Information supplied below:

theorem lemma4p2:
  fixes M :: "'w measure" and S :: "'s measure"
    and P :: "nat \<Rightarrow> 's \<Rightarrow> 'a::finite \<Rightarrow> 's measure"
    and H K :: nat and x1 :: 's
    and R :: "nat \<Rightarrow> 'w \<Rightarrow> nat \<Rightarrow> 's \<Rightarrow> 'a \<Rightarrow> real"
    and Pol :: "nat \<Rightarrow> 'w \<Rightarrow> nat \<Rightarrow> 's \<Rightarrow> 'a pmf"
    and Q :: "nat \<Rightarrow> 'w \<Rightarrow> nat \<Rightarrow> 's \<Rightarrow> 'a \<Rightarrow> real"
    and X :: "nat \<Rightarrow> nat \<Rightarrow> 'w \<Rightarrow> 's"
    and A :: "nat \<Rightarrow> nat \<Rightarrow> 'w \<Rightarrow> 'a"
  assumes M: "prob_space M"
    and kernel_prob: "\<And>h x a. h \<in> {1..H} \<Longrightarrow> x \<in> space S \<Longrightarrow> prob_space (P h x a)"
    and kernel_meas: "\<And>h a. h \<in> {1..H} \<Longrightarrow> (\<lambda>x. P h x a) \<in> S \<rightarrow>\<^sub>M subprob_algebra S"
    and x1: "x1 \<in> space S"
    and init: "\<And>k w. k \<in> {1..K} \<Longrightarrow> w \<in> space M \<Longrightarrow> X k 1 w = x1"
    and X_meas: "\<And>k h. k \<in> {1..K} \<Longrightarrow> h \<in> {1..H} \<Longrightarrow> X k h \<in> M \<rightarrow>\<^sub>M S"
    and A_meas: "\<And>k h. k \<in> {1..K} \<Longrightarrow> h \<in> {1..H} \<Longrightarrow> A k h \<in> M \<rightarrow>\<^sub>M count_space UNIV"
    and R_meas: "\<And>k h x a. k \<in> {1..K} \<Longrightarrow> h \<in> {1..H} \<Longrightarrow> x \<in> space S \<Longrightarrow>
                   (\<lambda>w. R k w h x a) \<in> borel_measurable M"
    and R_joint: "\<And>k h a. k \<in> {1..K} \<Longrightarrow> h \<in> {1..H} \<Longrightarrow>
                   (\<lambda>(w, x). R k w h x a) \<in> borel_measurable (Fgen M S H R X A k 0 2 \<Otimes>\<^sub>M S)"
    and R_range: "\<And>k h w x a. k \<in> {1..K} \<Longrightarrow> h \<in> {1..H} \<Longrightarrow> w \<in> space M \<Longrightarrow> x \<in> space S \<Longrightarrow>
                   0 \<le> R k w h x a \<and> R k w h x a \<le> 1"
    and Pi_joint: "\<And>k h a. k \<in> {1..K} \<Longrightarrow> h \<in> {1..H} \<Longrightarrow>
                   (\<lambda>(w, x). pmf (Pol k w h x) a) \<in> borel_measurable (Fgen M S H R X A k 0 2 \<Otimes>\<^sub>M S)"
    and Q_joint: "\<And>k h a. k \<in> {1..K} \<Longrightarrow> h \<in> {1..H} \<Longrightarrow>
                   (\<lambda>(w, x). Q k w h x a) \<in> borel_measurable (Fgen M S H R X A k 0 2 \<Otimes>\<^sub>M S)"
    and Q_range: "\<And>k h w x a. k \<in> {1..K} \<Longrightarrow> h \<in> {1..H} \<Longrightarrow> w \<in> space M \<Longrightarrow> x \<in> space S \<Longrightarrow>
                   0 \<le> Q k w h x a \<and> Q k w h x a \<le> real (H - h + 1)"
    and act: "\<And>k h a. k \<in> {1..K} \<Longrightarrow> h \<in> {1..H} \<Longrightarrow>
               AE w in M. real_cond_exp M (Fgen M S H R X A k (h - 1) 2) (\<lambda>w. indicator {a} (A k h w)) w
                          = pmf (Pol k w h (X k h w)) a"
    and trans: "\<And>k h g B. k \<in> {1..K} \<Longrightarrow> h \<in> {1..<H} \<Longrightarrow>
               g \<in> borel_measurable (Fgen M S H R X A k h 1 \<Otimes>\<^sub>M S) \<Longrightarrow> (\<forall>z. \<bar>g z\<bar> \<le> B) \<Longrightarrow>
               AE w in M. real_cond_exp M (Fgen M S H R X A k h 1) (\<lambda>w. g (w, X k (Suc h) w)) w
                          = (\<integral>y. g (w, y) \<partial>(P h (X k h w) (A k h w)))"
  shows "is_martingale M (Ft M S H R X A) (Mart P H K R Pol Q X A) (2 * H * K) \<and>
    (\<forall>w\<in>space M. \<forall>ps\<in>policies S.
       (\<forall>pol\<in>policies S. (\<Sum>k=1..K. Vpi P H (R k w) pol 1 (X k 1 w))
                          \<le> (\<Sum>k=1..K. Vpi P H (R k w) ps 1 (X k 1 w))) \<longrightarrow>
       Regret S P H K R Pol X w
         = (\<Sum>k=1..K. Vpi P H (R k w) ps 1 (X k 1 w) - Vpi P H (R k w) (Pol k w) 1 (X k 1 w))
     \<and> (\<Sum>k=1..K. Vpi P H (R k w) ps 1 (X k 1 w) - Vpi P H (R k w) (Pol k w) 1 (X k 1 w))
         = (\<Sum>k=1..K. \<Sum>h=1..H. Epi P ps h
                (\<lambda>y b. \<Sum>c\<in>UNIV. (pmf (ps h y) c - pmf (Pol k w h y) c) * Q k w h y c) (X k 1 w))
           + Mart P H K R Pol Q X A (tidx H K H 2) w
           + (\<Sum>k=1..K. \<Sum>h=1..H.
                Epi P ps h (iota P H (R k w) (Pol k w) (Q k w) h) (X k 1 w)
                - iota P H (R k w) (Pol k w) (Q k w) h (X k h w) (A k h w)))"
proof -
  interpret oppo M S P H K x1 R Pol Q X A
    by (rule oppo.intro) (fact assms)+
  show ?thesis
    by (intro conjI ballI impI; (rule is_martingale_Mart regret_decomposition Regret_eq_optimal | assumption)+)
qed

end
(* A tangent vector is a colour-preserving C[x,y]-homomorphism I_lambda -> C[x,y]/I_lambda,
   recorded by its entries x^m |-> x^k.  For p >> q the T-weight of such an entry is positive
   exactly when k precedes m lexicographically, so T^+ is the space of lexicographically
   positive homomorphisms.  Linearity in x and y propagates a nonzero entry with target strictly
   left of its source to a nonzero entry on some arrow d_{i,j}, and one with target straight
   below its source to some arrow u_{i,j} with i = l(j) - 1; entries on non-invariant arrows
   vanish by equivariance.  Conversely every invariant arrow carries a positive homomorphism
   that is 1 on it and 0 on all other such arrows.  These homomorphisms form a basis, so
   dim T^+ = beta(lambda). *)

section \<open>Dimension via a dual family of evaluations\<close>

lemma vector_space_mscale: "vector_space mscale"
  by unfold_locales (simp_all add: mscale_def fun_eq_iff algebra_simps)

lemma sum_mscale_apply:
  "(\<Sum>x\<in>S. mscale (c x) (F x)) m k = (\<Sum>x\<in>S. c x * F x m k)"
  by (induction S rule: infinite_finite_induct) (simp_all add: mscale_def)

End of Information supplied.

= Task instructions =
Filter the records, keeping only lines that contain "invariant", and show those lines.

= Reply to the task =
   below its source to some arrow u_{i,j} with i = l(j) - 1; entries on non-invariant arrows
   vanish by equivariance.  Conversely every invariant arrow carries a positive homomorphism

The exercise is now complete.